Generally, the trade-off between sensitivity and specificity reached most optimal levels at a score of 5 or more, yielding sensitivity of 79%, specificity of 87%, positive predictive value of 68%, and negative predictive value of 92%, indicating that 79% of GPs truly were burnt out, and 87% were truly not burnt out, according to the MBI-EE when using a SIB cut-off score of 5 or more.
5. Discussion
Due to high prevalence of burnout in health care providers and the significant associations it has with important variables relating to mental and physical health and intention to leave, it is imperative that a brief, sensitive screening measure is available which allows for early identification of burnout. The results of this current study indicate that the SIB has significant potential to fulfill this gap due to its brevity, ease of administration and sound psychometric properties. Firstly, scores on the SIB were found to be highly associated with several person outcome variables previously documented to be related to burnout; self-rated general health, psychological distress, and early retirement intentions, thus lending evidence to its construct validity. Upon examination of its performance against the reference standard (maslach burnout inventory-emotional exhaustion subscale) (13), concurrent validity of the SIB was evidenced by findings of a high positive association between SIB and MBI-EE scores. This association was in this case higher than those reported by Hansen and Girgis (15) and Rohland et al. (16) while almost identical to that found by Dolan et al. (23) in their validation study amongst a large sample of primary care staff. The results from the bland-altman analysis similarly indicated that only a minimal bias exists of nearly half a point between the SIB and the EE, with EE scores being higher. However, a difference of this magnitude has minimal clinical implications in a screening context and suggest that the SIB and the EE provide reasonably similar measures across the scale. The sensitivity and specificity analyses confirmed the SIB’s ability to correctly identify highly burnt out participants with a high degree of accuracy, when using the full MBI-EE subscale as the standard.

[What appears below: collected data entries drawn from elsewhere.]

(* Let $(P_t)_{t\ge0}$ be a measurable Markovian transition function on a Polish space $E$ with Borel $\sigma$-algebra $\mathcal{B}$, and let $m$ be a nonzero finite positive measure on $(E,\mathcal{B})$. Suppose there exists a sequence $t_n\nearrow\infty$ with $c((P_t)_t,m,(t_n)_n)<m(E)$. Then there exists a compact set $K\subset E$ such that $$\limsup_{t\to\infty}\frac1t\int_0^t m(P_s1_K)\,ds>0.$$
   Context: $c((P_t)_t,m,(t_n)_n):=\lim_{\varepsilon\searrow0}\sup_{A\in\mathcal{B},\,m(A)\le\varepsilon}\sup_n\frac1{t_n}\int_0^{t_n}m(P_s1_A)\,ds$. A measurable Markovian transition function is a family of Markovian kernels with $P_tP_s=P_{t+s}$ and $(t,x)\mapsto P_tf(x)$ jointly measurable. *)

theory Defs
  imports "HOL-Probability.Probability"
begin

definition markov_transition_function :: "(real \<Rightarrow> 'a::topological_space \<Rightarrow> 'a measure) \<Rightarrow> bool" where
  "markov_transition_function P \<longleftrightarrow>
     (\<forall>t\<ge>0. \<forall>x. prob_space (P t x) \<and> sets (P t x) = sets borel) \<and>
     (\<forall>t\<ge>0. \<forall>A\<in>sets borel. (\<lambda>x. measure (P t x) A) \<in> borel_measurable borel) \<and>
     (\<forall>s\<ge>0. \<forall>t\<ge>0. \<forall>x. \<forall>A\<in>sets borel.
        measure (P (t + s) x) A = (\<integral>y. measure (P s y) A \<partial>(P t x))) \<and>
     (\<forall>A\<in>sets borel. (\<lambda>(t, x). measure (P t x) A)
        \<in> borel_measurable (restrict_space borel {0..} \<Otimes>\<^sub>M borel))"

definition mP :: "(real \<Rightarrow> 'a::topological_space \<Rightarrow> 'a measure) \<Rightarrow> 'a measure \<Rightarrow> real \<Rightarrow> 'a set \<Rightarrow> real" where
  "mP P m s A = (\<integral>x. measure (P s x) A \<partial>m)"

definition time_avg :: "(real \<Rightarrow> 'a::topological_space \<Rightarrow> 'a measure) \<Rightarrow> 'a measure \<Rightarrow> real \<Rightarrow> 'a set \<Rightarrow> real" where
  "time_avg P m t A = (1 / t) * (LINT s:{0..t}|lborel. mP P m s A)"

definition c_const :: "(real \<Rightarrow> 'a::topological_space \<Rightarrow> 'a measure) \<Rightarrow> 'a measure \<Rightarrow> (nat \<Rightarrow> real) \<Rightarrow> real" where
  "c_const P m tn = Lim (at_right 0)
     (\<lambda>\<epsilon>. SUP A\<in>{A\<in>sets borel. measure m A \<le> \<epsilon>}. SUP n. time_avg P m (tn n) A)"

end

theory Submission
  imports Defs
begin

text \<open>The time averages of a Borel set and of its complement add up to m(E). If c < m(E),
then for some \<open>\<epsilon> > 0\<close> every set of m-measure at most \<open>\<epsilon>\<close> has time averages along \<open>(t\<^sub>n)\<close>
bounded by some \<open>F < m(E)\<close>. By inner regularity of m on the Polish space E there is a
compact K whose complement has measure at most \<open>\<epsilon>\<close>; then the time averages of K along
\<open>(t\<^sub>n)\<close> are at least \<open>m(E) - F > 0\<close>, and since \<open>t\<^sub>n \<rightarrow> \<infinity>\<close> this bounds the limsup.\<close>

lemma exists_compact_measure_Compl_less:
  fixes m :: "'a::{second_countable_topology, complete_space} measure"
  assumes "finite_measure m" "sets m = sets borel" "\<epsilon> > 0"
  shows "\<exists>K. compact K \<and> measure m (- K) < \<epsilon>"
proof -
  interpret finite_measure m by fact
  have space: "space m = UNIV"
    using assms(2) sets_eq_imp_space_eq by fastforce
  have "\<exists>K. compact K \<and> measure m UNIV - \<epsilon> < measure m K"
  proof (cases "measure m UNIV < \<epsilon>")
    case True
    then show ?thesis by (intro exI[of _ "{}"]) auto
  next
    case False
    have "emeasure m UNIV = (SUP K \<in> {K. K \<subseteq> UNIV \<and> compact K}. emeasure m K)"
      by (rule inner_regular) (use assms(2) space in auto)
    moreover have "ennreal (measure m UNIV - \<epsilon>) < emeasure m UNIV"
      using assms(3) False space by (simp add: emeasure_eq_measure ennreal_lessI)
    ultimately obtain K where "compact K" "ennreal (measure m UNIV - \<epsilon>) < emeasure m K"
      by (auto simp: less_SUP_iff)
    then show ?thesis
      using False by (intro exI[of _ K]) (auto simp: emeasure_eq_measure ennreal_less_iff)
  qed
  then obtain K where K: "compact K" "measure m UNIV - \<epsilon> < measure m K"
    by blast
  have K_sets: "K \<in> sets m"
    using K(1) assms(2) by (simp add: compact_imp_closed)
  have "measure m (- K) = measure m UNIV - measure m K"
    using finite_measure_compl[OF K_sets] space by (simp add: Compl_eq_Diff_UNIV)
  then show ?thesis
    using K by auto
qed

lemma Limsup_at_top_ge_along:
  fixes f :: "real \<Rightarrow> ereal" and tn :: "nat \<Rightarrow> real"
  assumes "filterlim tn at_top sequentially" "\<And>n. c \<le> f (tn n)"
  shows "c \<le> Limsup at_top f"
proof (rule Limsup_greatest)
  fix Q :: "real \<Rightarrow> bool" assume "eventually Q at_top"
  then have "eventually (\<lambda>n. Q (tn n)) sequentially"
    using assms(1) by (simp add: filterlim_iff)
  then obtain n where "Q (tn n)"
    by (meson eventually_sequentially order_refl)
  then show "c \<le> (SUP t\<in>Collect Q. f t)"
    using assms(2) by (intro SUP_upper2[of "tn n"]) auto
qed

lemma Lim_at_right_less_imp_less:
  fixes F :: "real \<Rightarrow> real"
  assumes "\<And>\<epsilon>. \<epsilon> > 0 \<Longrightarrow> F \<epsilon> \<le> M" "Lim (at_right 0) F < M"
  shows "\<exists>\<epsilon>>0. F \<epsilon> < M"
proof (rule ccontr)
  assume "\<not> (\<exists>\<epsilon>>0. F \<epsilon> < M)"
  then have "eventually (\<lambda>\<epsilon>. F \<epsilon> = M) (at_right 0)"
    using assms(1) by (intro eventually_mono[OF eventually_at_right_less[of 0]]) force
  then have "Lim (at_right 0) F = M"
    by (intro tendsto_Lim tendsto_eventually) auto
  then show False
    using assms(2) by simp
qed

context
  fixes P :: "real \<Rightarrow> 'a::topological_space \<Rightarrow> 'a measure" and m :: "'a measure"
  assumes markov: "markov_transition_function P"
    and finite: "finite_measure m" and sets_m: "sets m = sets borel"
begin

interpretation finite_measure m by (fact finite)

lemma prob_space_kernel:
  assumes "s \<ge> 0"
  shows "prob_space (P s x)" "sets (P s x) = sets borel"
  using markov assms unfolding markov_transition_function_def by blast+

lemma kernel_borel_measurable:
  assumes "s \<ge> 0" "A \<in> sets borel"
  shows "(\<lambda>x. measure (P s x) A) \<in> borel_measurable m"
  using markov assms sets_m unfolding markov_transition_function_def
  by (metis measurable_cong_sets)

lemma kernel_integrable:
  assumes "s \<ge> 0" "A \<in> sets borel"
  shows "integrable m (\<lambda>x. measure (P s x) A)"
  using prob_space.prob_le_1[OF prob_space_kernel(1)[OF assms(1)]]
  by (intro integrable_const_bound[where B=1]) (auto intro: kernel_borel_measurable[OF assms])

lemma mP_nonneg: "0 \<le> mP P m s A"
  unfolding mP_def by (simp add: integral_nonneg)

lemma mP_le_measure_space:
  assumes "s \<ge> 0" "A \<in> sets borel"
  shows "mP P m s A \<le> measure m (space m)"
proof -
  have "mP P m s A \<le> (\<integral>x. 1 \<partial>m)"
    unfolding mP_def using prob_space.prob_le_1[OF prob_space_kernel(1)[OF assms(1)]]
    by (intro integral_mono kernel_integrable[OF assms]) auto
  then show ?thesis by simp
qed

lemma mP_add_Compl:
  assumes "s \<ge> 0" "A \<in> sets borel"
  shows "mP P m s A + mP P m s (- A) = measure m (space m)"
proof -
  have kernel_add_Compl: "measure (P s x) A + measure (P s x) (- A) = 1" for x
  proof -
    interpret prob_space "P s x" by (rule prob_space_kernel(1)[OF assms(1)])
    have "space (P s x) = UNIV"
      using prob_space_kernel(2)[OF assms(1)] sets_eq_imp_space_eq by fastforce
    then show ?thesis
      using prob_compl[of A] prob_space_kernel(2)[OF assms(1)] assms(2)
      by (simp add: Compl_eq_Diff_UNIV)
  qed
  have "mP P m s A + mP P m s (- A) = (\<integral>x. measure (P s x) A + measure (P s x) (- A) \<partial>m)"
    unfolding mP_def using assms
    by (intro Bochner_Integration.integral_add[symmetric] kernel_integrable) auto
  then show ?thesis
    by (simp add: kernel_add_Compl)
qed

lemma mP_borel_measurable:
  assumes "A \<in> sets borel"
  shows "(\<lambda>s. mP P m s A) \<in> borel_measurable (restrict_space borel {0..})"
proof -
  have "(\<lambda>(t, x). measure (P t x) A) \<in> borel_measurable (restrict_space borel {0..} \<Otimes>\<^sub>M borel)"
    using markov assms unfolding markov_transition_function_def by blast
  moreover have "sets (restrict_space borel {0..} \<Otimes>\<^sub>M borel) = sets (restrict_space borel {0::real..} \<Otimes>\<^sub>M m)"
    using sets_m by (intro sets_pair_measure_cong) auto
  ultimately have "(\<lambda>(t, x). measure (P t x) A) \<in> borel_measurable (restrict_space borel {0..} \<Otimes>\<^sub>M m)"
    using measurable_cong_sets by blast
  then show ?thesis
    unfolding mP_def by (rule borel_measurable_lebesgue_integral)
qed

lemma mP_set_integrable:
  assumes "A \<in> sets borel"
  shows "set_integrable lborel {0..t} (\<lambda>s. mP P m s A)"
  unfolding set_integrable_def
proof (rule integrableI_bounded_set[where A="{0..t}" and B="measure m (space m)"])
  have "(\<lambda>s. indicator {0..} s *\<^sub>R mP P m s A) \<in> borel_measurable borel"
    using mP_borel_measurable[OF assms]
      borel_measurable_restrict_space_iff[of "{0::real..}" borel "\<lambda>s. mP P m s A"]
    by simp
  then have "(\<lambda>s. indicator {0..t} s *\<^sub>R (indicator {0..} s *\<^sub>R mP P m s A)) \<in> borel_measurable borel"
    by measurable
  moreover have "(\<lambda>s. indicator {0..t} s *\<^sub>R (indicator {0..} s *\<^sub>R mP P m s A))
      = (\<lambda>s. indicator {0..t} s *\<^sub>R mP P m s A)"
    by (auto simp: indicator_def)
  ultimately show "(\<lambda>s. indicator {0..t} s *\<^sub>R mP P m s A) \<in> borel_measurable lborel"
    by simp
  show "AE s in lborel. s \<in> {0..t} \<longrightarrow> norm (indicator {0..t} s *\<^sub>R mP P m s A) \<le> measure m (space m)"
    using mP_nonneg mP_le_measure_space[OF _ assms] by (auto simp: indicator_def)
qed (auto simp: indicator_def emeasure_lborel_Icc_eq)

lemma average_Icc_const:
  fixes t c :: real
  assumes "t > 0" "\<And>s. s \<in> {0..t} \<Longrightarrow> f s = c"
  shows "(1 / t) * (LINT s:{0..t}|lborel. f s) = c"
proof -
  have "(LINT s:{0..t}|lborel. f s) = (LINT s:{0..t}|lborel. c)"
    using assms(2) by (intro set_lebesgue_integral_cong) auto
  also have "\<dots> = t * c"
    using assms(1) by (subst set_integral_const) (auto simp: emeasure_lborel_Icc_eq)
  finally show ?thesis
    using assms(1) by simp
qed

lemma time_avg_le_measure_space:
  assumes "t > 0" "A \<in> sets borel"
  shows "time_avg P m t A \<le> measure m (space m)"
proof -
  have "(LINT s:{0..t}|lborel. mP P m s A) \<le> (LINT s:{0..t}|lborel. measure m (space m))"
    using assms(1) mP_le_measure_space[OF _ assms(2)]
    by (intro set_integral_mono mP_set_integrable[OF assms(2)])
      (auto simp: set_integrable_def emeasure_lborel_Icc_eq)
  then have "time_avg P m t A \<le> (1 / t) * (LINT s:{0..t}|lborel. measure m (space m))"
    unfolding time_avg_def using assms(1) by (simp add: divide_right_mono)
  also have "\<dots> = measure m (space m)"
    using assms(1) by (rule average_Icc_const) simp
  finally show ?thesis .
qed

lemma time_avg_add_Compl:
  assumes "t > 0" "A \<in> sets borel"
  shows "time_avg P m t A + time_avg P m t (- A) = measure m (space m)"
proof -
  have "time_avg P m t A + time_avg P m t (- A)
      = (1 / t) * (LINT s:{0..t}|lborel. mP P m s A + mP P m s (- A))"
    unfolding time_avg_def using assms(2)
    by (simp add: set_integral_add(2) mP_set_integrable distrib_left)
  also have "\<dots> = measure m (space m)"
    using assms by (intro average_Icc_const) (auto simp: mP_add_Compl)
  finally show ?thesis .
qed

lemma time_avg_le_SUP_small:
  assumes "\<forall>n. tn n > 0" "A \<in> sets borel" "measure m A \<le> \<epsilon>"
  shows "time_avg P m (tn n) A
    \<le> (SUP B\<in>{B\<in>sets borel. measure m B \<le> \<epsilon>}. SUP n. time_avg P m (tn n) B)"
proof -
  have bdd_n: "bdd_above (range (\<lambda>n. time_avg P m (tn n) B))" if "B \<in> sets borel" for B
    using assms(1) time_avg_le_measure_space that by (intro bdd_aboveI2) blast
  have bdd_B: "bdd_above ((\<lambda>B. SUP n. time_avg P m (tn n) B) ` {B\<in>sets borel. measure m B \<le> \<epsilon>})"
    using assms(1) time_avg_le_measure_space
    by (intro bdd_aboveI2[where M="measure m (space m)"]) (auto intro: cSUP_least)
  have "time_avg P m (tn n) A \<le> (SUP n. time_avg P m (tn n) A)"
    by (rule cSUP_upper[OF _ bdd_n[OF assms(2)]]) simp
  also have "\<dots> \<le> (SUP B\<in>{B\<in>sets borel. measure m B \<le> \<epsilon>}. SUP n. time_avg P m (tn n) B)"
    by (rule cSUP_upper[OF _ bdd_B]) (use assms(2,3) in simp)
  finally show ?thesis .
qed

lemma SUP_small_time_avg_le_measure_space:
  assumes "\<forall>n. tn n > 0" "\<epsilon> \<ge> 0"
  shows "(SUP A\<in>{A\<in>sets borel. measure m A \<le> \<epsilon>}. SUP n. time_avg P m (tn n) A)
    \<le> measure m (space m)"
proof (rule cSUP_least)
  show "{A\<in>sets borel. measure m A \<le> \<epsilon>} \<noteq> {}"
    using assms(2) by (intro ex_in_conv[THEN iffD1] exI[of _ "{}"]) auto
qed (use assms(1) time_avg_le_measure_space in \<open>auto intro: cSUP_least\<close>)

end

theorem proposition3p2:
  fixes P :: "real \<Rightarrow> 'a::polish_space \<Rightarrow> 'a measure"
    and m :: "'a measure"
    and tn :: "nat \<Rightarrow> real"
  assumes "markov_transition_function P"
    and "finite_measure m" and "sets m = sets borel" and "emeasure m (space m) \<noteq> 0"
    and "\<forall>n. tn n > 0" and "incseq tn" and "filterlim tn at_top sequentially"
    and "c_const P m tn < measure m (space m)"
  shows "\<exists>K. compact K \<and>
     Limsup at_top (\<lambda>t::real. ereal (time_avg P m t K)) > 0"
proof -
  define M where "M = measure m (space m)"
  define F where "F = (\<lambda>\<epsilon>. SUP A\<in>{A\<in>sets borel. measure m A \<le> \<epsilon>}. SUP n. time_avg P m (tn n) A)"
  have "\<exists>\<epsilon>>0. F \<epsilon> < M"
    using SUP_small_time_avg_le_measure_space[OF assms(1-3,5)] assms(8)
    unfolding F_def M_def c_const_def by (intro Lim_at_right_less_imp_less) auto
  then obtain \<epsilon> where "\<epsilon> > 0" "F \<epsilon> < M"
    by blast
  obtain K where K: "compact K" "measure m (- K) < \<epsilon>"
    using exists_compact_measure_Compl_less[OF assms(2,3) \<open>\<epsilon> > 0\<close>] by blast
  have K_borel: "K \<in> sets borel"
    using K(1) by (simp add: compact_imp_closed)
  have "time_avg P m (tn n) (- K) \<le> F \<epsilon>" for n
    unfolding F_def using K(2) K_borel assms(5)
    by (intro time_avg_le_SUP_small[OF assms(1-3)]) auto
  then have "ereal (M - F \<epsilon>) \<le> ereal (time_avg P m (tn n) K)" for n
    using time_avg_add_Compl[OF assms(1-3) _ K_borel, of "tn n"] assms(5) unfolding M_def
    by (smt (verit) ereal_less_eq(3))
  then have "ereal (M - F \<epsilon>) \<le> Limsup at_top (\<lambda>t. ereal (time_avg P m t K))"
    by (rule Limsup_at_top_ge_along[OF assms(7)])
  moreover have "0 < ereal (M - F \<epsilon>)"
    using \<open>F \<epsilon> < M\<close> by simp
  ultimately show ?thesis
    using K(1) order_less_le_trans by blast
qed

end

Some potential limitations to the current study should be noted. Firstly, a multi-faceted assessment of burnout incorporating the inclusion of objective measures of burnout (e.g. third-party assessment, absenteeism) in addition to the MBI-EE would be a stronger standard against which to test the utility of the SIB. Secondly, no inferences about the test-retest reliability of the SIB can be made on the basis of the current study, as it involved assessment at only one time point. Thirdly, the small sample size needs to be acknowledged.
However, the promising results from this study lend support to the utility of the Single Item Burnout Measure, with potential applicability in both human resource (including organizational scans) and research contexts, and calls for further testing of this tool in a larger sample across other health care settings.